Miscellaneous troubleshooting

General troubleshooting
Use the following command for general troubleshooting:
$> kubectl get -n kube-system  csidriver,sa,clusterrole,clusterrolebinding,statefulset,pod,daemonset | grep ibm-block-csi
For example:
$> kubectl get -n kube-system csidriver,sa,clusterrole,clusterrolebinding,statefulset,pod,daemonset |
grep ibm-block-csi
csidriver.storage.k8s.io/ibm-block-csi-driver 7d

serviceaccount/ibm-block-csi-controller-sa 1 2h
serviceaccount/ibm-block-csi-node-sa 1 2h
serviceaccount/ibm-block-csi-operator 1 2h

clusterrole.rbac.authorization.k8s.io/ibm-block-csi-external-attacher-clusterrole 2h
clusterrole.rbac.authorization.k8s.io/ibm-block-csi-external-provisioner-clusterrole 2h
clusterrole.rbac.authorization.k8s.io/ibm-block-csi-operator 2h

clusterrolebinding.rbac.authorization.k8s.io/ibm-block-csi-external-attacher-clusterrolebinding 2h
clusterrolebinding.rbac.authorization.k8s.io/ibm-block-csi-external-provisioner-clusterrolebinding 2h
clusterrolebinding.rbac.authorization.k8s.io/ibm-block-csi-operator 2h


statefulset.apps/ibm-block-csi-controller 1 1 2h
pod/ibm-block-csi-controller-0 4/4 Running 0 2h
pod/ibm-block-csi-node-nbtsg 3/3 Running 0 2h
pod/ibm-block-csi-node-wd5tm 3/3 Running 0 2h
pod/ibm-block-csi-operator-7684549698-hzmfh 1/1 Running 0 2h

daemonset.extensions/ibm-block-csi-node 2 2 2 2 2 <none> 2h
Error during pod creation
If the following error occurs during stateful application pod creation (the pod status is ContainerCreating):
    -8e73-005056a49b44" : rpc error: code = Internal desc = 'fsck' found errors on device /dev/dm-26 but could not correct them: fsck from util-linux 2.23.2
    /dev/mapper/mpathym: One or more block group descriptor checksums are invalid. FIXED.
    /dev/mapper/mpathym: Group descriptor 0 checksum is 0x0000, should be 0x3baa.
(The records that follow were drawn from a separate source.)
(* Let $A,C$ be logically independent events. (a) If $P(C)=1$, $P(C|A)=1$ and $P(C|\bar A)<1$ in a coherent assessment, then $P(A)=1$. (b) The family $\{C, C|A\}$ does not p-entail $A$, and the iterated conditional $A\,|\,(C\wedge(C|A))$, defined as $A\wedge C\wedge(C|A)+\mu(1-C\wedge(C|A))$ with $\mu$ its prevision, is not identically equal to $1$: if $P(C|A)=1$, every $\mu\in[0,1]$ is coherent and the iterated conditional takes value $1$ on $AC$, $0$ on $\bar AC$, and $\mu$ on $\bar C$. *)

theory Defs
  imports Complex_Main
begin

definition ind :: "'w set \<Rightarrow> 'w \<Rightarrow> real" where
  "ind E w = (if w \<in> E then 1 else 0)"

definition logically_independent :: "'w set \<Rightarrow> 'w set \<Rightarrow> bool" where
  "logically_independent A C \<longleftrightarrow>
     A \<inter> C \<noteq> {} \<and> A - C \<noteq> {} \<and> C - A \<noteq> {} \<and> - (A \<union> C) \<noteq> {}"

(* The conditional event E|H as a random quantity, given P(E|H) = p:
   E|H = EH + p (not H). *)
definition cevent :: "'w set \<Rightarrow> 'w set \<Rightarrow> real \<Rightarrow> 'w \<Rightarrow> real" where
  "cevent E H p = (\<lambda>w. if w \<in> H then ind E w else p)"

(* An item of an assessment: (conditioning event H, conditional random quantity Z,
   assessed prevision mu).  Betting on it with stake s yields the gain s*(Z - mu),
   which is 0 where the bet is called off (outside H). *)
type_synonym 'w item = "'w set \<times> ('w \<Rightarrow> real) \<times> real"

definition ce_item :: "'w set \<Rightarrow> 'w set \<Rightarrow> real \<Rightarrow> 'w item" where
  "ce_item E H p = (H, cevent E H p, p)"

definition coherent :: "'w item list \<Rightarrow> bool" where
  "coherent F \<longleftrightarrow>
     (\<forall>J. J \<subseteq> {..<length F} \<and> J \<noteq> {} \<longrightarrow>
        (\<forall>s :: nat \<Rightarrow> real. \<exists>w \<in> (\<Union>i\<in>J. fst (F ! i)).
            (\<Sum>i\<in>J. s i * (fst (snd (F ! i)) w - snd (snd (F ! i)))) \<ge> 0))"

(* a family of conditional events is a list of pairs (E, H) standing for E|H *)
definition p_consistent :: "('w set \<times> 'w set) list \<Rightarrow> bool" where
  "p_consistent F \<longleftrightarrow> coherent (map (\<lambda>(E, H). ce_item E H 1) F)"

definition p_entails :: "('w set \<times> 'w set) list \<Rightarrow> 'w set \<times> 'w set \<Rightarrow> bool" where
  "p_entails F G \<longleftrightarrow> p_consistent F \<and>
     (\<forall>ps p. length ps = length F \<and>
        coherent (map (\<lambda>((E, H), q). ce_item E H q) (zip F ps) @ [ce_item (fst G) (snd G) p]) \<and>
        (\<forall>q \<in> set ps. q = 1) \<longrightarrow> p = 1)"

(* Conjunction C \<and> (C|A) of the event C with the conditional event C|A, where
   P(C|A) = y:  C \<and> (C|A) = C * (C|A) = AC + y (not A) C. *)
definition conj_C_CA :: "'w set \<Rightarrow> 'w set \<Rightarrow> real \<Rightarrow> 'w \<Rightarrow> real" where
  "conj_C_CA A C y = (\<lambda>w. ind C w * cevent C A y w)"

definition iter_cond :: "'w set \<Rightarrow> ('w \<Rightarrow> real) \<Rightarrow> real \<Rightarrow> 'w \<Rightarrow> real" where
  "iter_cond A Y mu = (\<lambda>w. ind A w * Y w + mu * (1 - Y w))"

definition iter_item :: "'w set \<Rightarrow> ('w \<Rightarrow> real) \<Rightarrow> real \<Rightarrow> 'w item" where
  "iter_item A Y mu = ({w. Y w \<noteq> 0}, iter_cond A Y mu, mu)"

end

theory Submission
  imports Defs
begin

text \<open>
  For (a), the bets on C, C|A, C|\<not>A and A with stakes 1, -1, -1 and x - 1 have the constant
  gain (1 - x)(P(A) - 1), which is the arithmetic of P(C) = P(C|A) P(A) + P(C|\<not>A) P(\<not>A);
  coherence forbids a nonzero constant gain, so P(A) = 1.
  For (b), P(C) = P(C|A) = 1 together with P(A) = 0 is coherent: a point of C - A makes every
  bet fair, and a point of A \<inter> C serves the bet on C|A alone.
  For P(C|A) = 1 the conjunction C \<and> (C|A) is just the indicator of C, so the iterated conditional
  is a bet on A called off outside C, coherent for every prevision in [0, 1].
\<close>

lemma coherentI_nonneg_terms:
  assumes "\<And>J s. J \<subseteq> {..<length F} \<Longrightarrow> J \<noteq> {} \<Longrightarrow>
             \<exists>w \<in> (\<Union>i\<in>J. fst (F ! i)).
               \<forall>i\<in>J. s i * (fst (snd (F ! i)) w - snd (snd (F ! i))) \<ge> 0"
  shows "coherent F"
  unfolding coherent_def
proof (intro allI impI)
  fix J s assume "J \<subseteq> {..<length F} \<and> J \<noteq> {}"
  with assms[of J s] obtain w where "w \<in> (\<Union>i\<in>J. fst (F ! i))"
    and "\<forall>i\<in>J. s i * (fst (snd (F ! i)) w - snd (snd (F ! i))) \<ge> 0"
    by blast
  then show "\<exists>w \<in> (\<Union>i\<in>J. fst (F ! i)).
               (\<Sum>i\<in>J. s i * (fst (snd (F ! i)) w - snd (snd (F ! i)))) \<ge> 0"
    by (intro bexI[of _ w] sum_nonneg) auto
qed

lemma coherent_constant_gain_eq_0:
  assumes coh: "coherent F" and J: "J \<subseteq> {..<length F}" "J \<noteq> {}"
    and const: "\<And>w. w \<in> (\<Union>i\<in>J. fst (F ! i)) \<Longrightarrow>
                  (\<Sum>i\<in>J. s i * (fst (snd (F ! i)) w - snd (snd (F ! i)))) = c"
  shows "c = 0"
proof -
  have "\<exists>w \<in> (\<Union>i\<in>J. fst (F ! i)).
          (\<Sum>i\<in>J. t i * (fst (snd (F ! i)) w - snd (snd (F ! i)))) \<ge> 0" for t
    using coh J unfolding coherent_def by blast
  from this[of s] this[of "\<lambda>i. - s i"] have "c \<ge> 0" "- c \<ge> 0"
    using const by (fastforce simp: sum_negf)+
  then show ?thesis by simp
qed

lemma coherent_total_probability_forces_one:
  fixes x a :: real
  assumes "x < 1"
    and coh: "coherent [ce_item C UNIV 1, ce_item C A 1, ce_item C (- A) x, ce_item A UNIV a]"
  shows "a = 1"
proof -
  let ?s = "\<lambda>i. [1, -1, -1, x - 1] ! i"
  have "(1 - x) * (a - 1) = 0"
  proof (rule coherent_constant_gain_eq_0[OF coh, of "{0, 1, 2, 3}" ?s])
    fix w
    show "(\<Sum>i\<in>{0, 1, 2, 3}. ?s i * (fst (snd (
            [ce_item C UNIV 1, ce_item C A 1, ce_item C (- A) x, ce_item A UNIV a] ! i)) w
          - snd (snd ([ce_item C UNIV 1, ce_item C A 1, ce_item C (- A) x, ce_item A UNIV a] ! i))))
          = (1 - x) * (a - 1)"
      by (cases "w \<in> A"; cases "w \<in> C")
        (simp_all add: ce_item_def cevent_def ind_def algebra_simps)
  qed auto
  with \<open>x < 1\<close> show ?thesis by simp
qed

lemma coherent_certain_C_impossible_A:
  assumes "A \<inter> C \<noteq> {}" "C - A \<noteq> {}"
  shows "coherent [ce_item C UNIV 1, ce_item C A 1, ce_item A UNIV 0]"
    (is "coherent ?F")
proof (rule coherentI_nonneg_terms)
  obtain w0 where w0: "w0 \<in> C" "w0 \<notin> A" using assms by blast
  obtain w1 where w1: "w1 \<in> C" "w1 \<in> A" using assms by blast
  fix J s assume J: "J \<subseteq> {..<length ?F}" "J \<noteq> {}"
  then have J3: "J \<subseteq> {0, 1, 2}" by (auto simp: less_Suc_eq numeral_eq_Suc)
  show "\<exists>w \<in> (\<Union>i\<in>J. fst (?F ! i)). \<forall>i\<in>J. s i * (fst (snd (?F ! i)) w - snd (snd (?F ! i))) \<ge> 0"
  proof (cases "J = {1}")
    case True
    with w1 show ?thesis by (auto simp: ce_item_def cevent_def ind_def)
  next
    case False
    with J3 J(2) obtain i where "i \<in> J" "i = 0 \<or> i = 2" by blast
    then have "w0 \<in> fst (?F ! i)" by (auto simp: ce_item_def)
    with \<open>i \<in> J\<close> have "w0 \<in> (\<Union>i\<in>J. fst (?F ! i))" by blast
    moreover have "\<forall>i\<in>J. s i * (fst (snd (?F ! i)) w0 - snd (snd (?F ! i))) = 0"
      using J3 w0 by (auto simp: ce_item_def cevent_def ind_def)
    ultimately show ?thesis by force
  qed
qed

lemma not_p_entails_A:
  assumes "A \<inter> C \<noteq> {}" "C - A \<noteq> {}"
  shows "\<not> p_entails [(C, UNIV), (C, A)] (A, UNIV)"
proof
  assume "p_entails [(C, UNIV), (C, A)] (A, UNIV)"
  then have "(0::real) = 1"
    using coherent_certain_C_impossible_A[OF assms]
    unfolding p_entails_def by (auto dest!: spec[of _ "[1, 1]"] spec[of _ 0])
  then show False by simp
qed

lemma conj_C_CA_one: "conj_C_CA A C 1 = ind C"
  by (auto simp: conj_C_CA_def cevent_def ind_def)

lemma iter_cond_conj_C_CA_one:
  "iter_cond A (conj_C_CA A C 1) mu w = (if w \<in> A \<inter> C then 1 else if w \<in> C then 0 else mu)"
  by (simp add: conj_C_CA_one iter_cond_def ind_def)

lemma coherent_iter_cond_conj_C_CA_one:
  assumes "A \<inter> C \<noteq> {}" "C - A \<noteq> {}" and mu: "0 \<le> mu" "mu \<le> 1"
  shows "coherent [ce_item C A 1, iter_item A (conj_C_CA A C 1) mu]"
    (is "coherent ?F")
proof (rule coherentI_nonneg_terms)
  obtain w0 where w0: "w0 \<in> C" "w0 \<notin> A" using assms by blast
  obtain w1 where w1: "w1 \<in> C" "w1 \<in> A" using assms by blast
  have F1: "?F ! 1 = (C, \<lambda>w. if w \<in> A \<inter> C then 1 else if w \<in> C then 0 else mu, mu)"
    by (simp add: iter_item_def fun_eq_iff iter_cond_conj_C_CA_one)
      (simp add: conj_C_CA_one ind_def set_eq_iff)
  fix J s assume J: "J \<subseteq> {..<length ?F}" "J \<noteq> {}"
  then have J2: "J \<subseteq> {0, 1}" by (auto simp: less_Suc_eq numeral_eq_Suc)
  then have ball_J: "(\<forall>i\<in>J. P i) \<longleftrightarrow> (0 \<in> J \<longrightarrow> P 0) \<and> (1 \<in> J \<longrightarrow> P 1)" for P
    by blast
  show "\<exists>w \<in> (\<Union>i\<in>J. fst (?F ! i)). \<forall>i\<in>J. s i * (fst (snd (?F ! i)) w - snd (snd (?F ! i))) \<ge> 0"
  proof (cases "1 \<in> J \<and> s 1 < 0")
    case True
    then have "w0 \<in> (\<Union>i\<in>J. fst (?F ! i))" using F1 w0 by force
    moreover have "\<forall>i\<in>J. s i * (fst (snd (?F ! i)) w0 - snd (snd (?F ! i))) \<ge> 0"
      unfolding ball_J using True F1 w0 mu by (simp add: ce_item_def cevent_def ind_def mult_nonpos_nonneg)
    ultimately show ?thesis by blast
  next
    case False
    have "w1 \<in> (\<Union>i\<in>J. fst (?F ! i))"
      using J J2 F1 w1 by (force simp: ce_item_def)
    moreover have "\<forall>i\<in>J. s i * (fst (snd (?F ! i)) w1 - snd (snd (?F ! i))) \<ge> 0"
      unfolding ball_J using False F1 w1 mu by (auto simp: ce_item_def cevent_def ind_def)
    ultimately show ?thesis by blast
  qed
qed

theorem mainTheorem13:
  fixes A C :: "'w set"
  assumes indep: "logically_independent A C"
  shows
    \<comment> \<open>(a)\<close>
    "(\<forall>x a. x < 1 \<longrightarrow>
        coherent [ce_item C UNIV 1, ce_item C A 1, ce_item C (- A) x] \<longrightarrow>
        coherent [ce_item C UNIV 1, ce_item C A 1, ce_item C (- A) x, ce_item A UNIV a] \<longrightarrow>
        a = 1)
   \<and>
    \<comment> \<open>(b) no p-entailment\<close>
    \<not> p_entails [(C, UNIV), (C, A)] (A, UNIV)
   \<and>
    \<comment> \<open>(b) iterated conditional, case P(C|A) = 1\<close>
    (\<forall>mu \<in> {0..1}.
        coherent [ce_item C A 1, iter_item A (conj_C_CA A C 1) mu]
      \<and> (\<forall>w. iter_cond A (conj_C_CA A C 1) mu w =
              (if w \<in> A \<inter> C then 1 else if w \<in> C then 0 else mu)))
   \<and>
    (\<exists>mu \<in> {0..1}. coherent [ce_item C A 1, iter_item A (conj_C_CA A C 1) mu]
       \<and> \<not> (\<forall>w. iter_cond A (conj_C_CA A C 1) mu w = 1))"
proof (intro conjI)
  have AC: "A \<inter> C \<noteq> {}" "C - A \<noteq> {}" and "- C \<noteq> {}"
    using indep unfolding logically_independent_def by blast+
  show "\<forall>x a. x < 1 \<longrightarrow>
        coherent [ce_item C UNIV 1, ce_item C A 1, ce_item C (- A) x] \<longrightarrow>
        coherent [ce_item C UNIV 1, ce_item C A 1, ce_item C (- A) x, ce_item A UNIV a] \<longrightarrow>
        a = 1"
    using coherent_total_probability_forces_one by blast
  show "\<not> p_entails [(C, UNIV), (C, A)] (A, UNIV)"
    using AC by (rule not_p_entails_A)
  show "\<forall>mu \<in> {0..1}.
          coherent [ce_item C A 1, iter_item A (conj_C_CA A C 1) mu]
        \<and> (\<forall>w. iter_cond A (conj_C_CA A C 1) mu w =
              (if w \<in> A \<inter> C then 1 else if w \<in> C then 0 else mu))"
    by (simp add: coherent_iter_cond_conj_C_CA_one[OF AC] iter_cond_conj_C_CA_one)
  obtain w2 where "w2 \<notin> C" using \<open>- C \<noteq> {}\<close> by blast
  then have "iter_cond A (conj_C_CA A C 1) 0 w2 \<noteq> 1"
    by (simp add: iter_cond_conj_C_CA_one)
  then show "\<exists>mu \<in> {0..1}. coherent [ce_item C A 1, iter_item A (conj_C_CA A C 1) mu]
       \<and> \<not> (\<forall>w. iter_cond A (conj_C_CA A C 1) mu w = 1)"
    using coherent_iter_cond_conj_C_CA_one[OF AC, of 0] by force
qed

end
    /dev/mapper/mpathym: UNEXPECTED INCONSISTENCY; RUN fsck MANUALLY.
    (i.e., without -a or -p options)
  1. Log in to the relevant worker node and run the fsck command to repair the filesystem manually.
    fsck /dev/dm-<X>

    The pod should come up immediately. If the pod is still in a ContainerCreating state, continue to the next step.

  2. Run the # multipath -ll command to see if there are faulty multipath devices.
    If there are faulty multipath devices:
    1. Restart multipath daemon, using the systemctl restart multipathd command.
    2. Rescan any iSCSI devices, using the rescan-scsi-bus.sh command.
    3. Restart the multipath daemon again, using the systemctl restart multipathd command.
    The multipath devices should be running properly and the pod should come up immediately.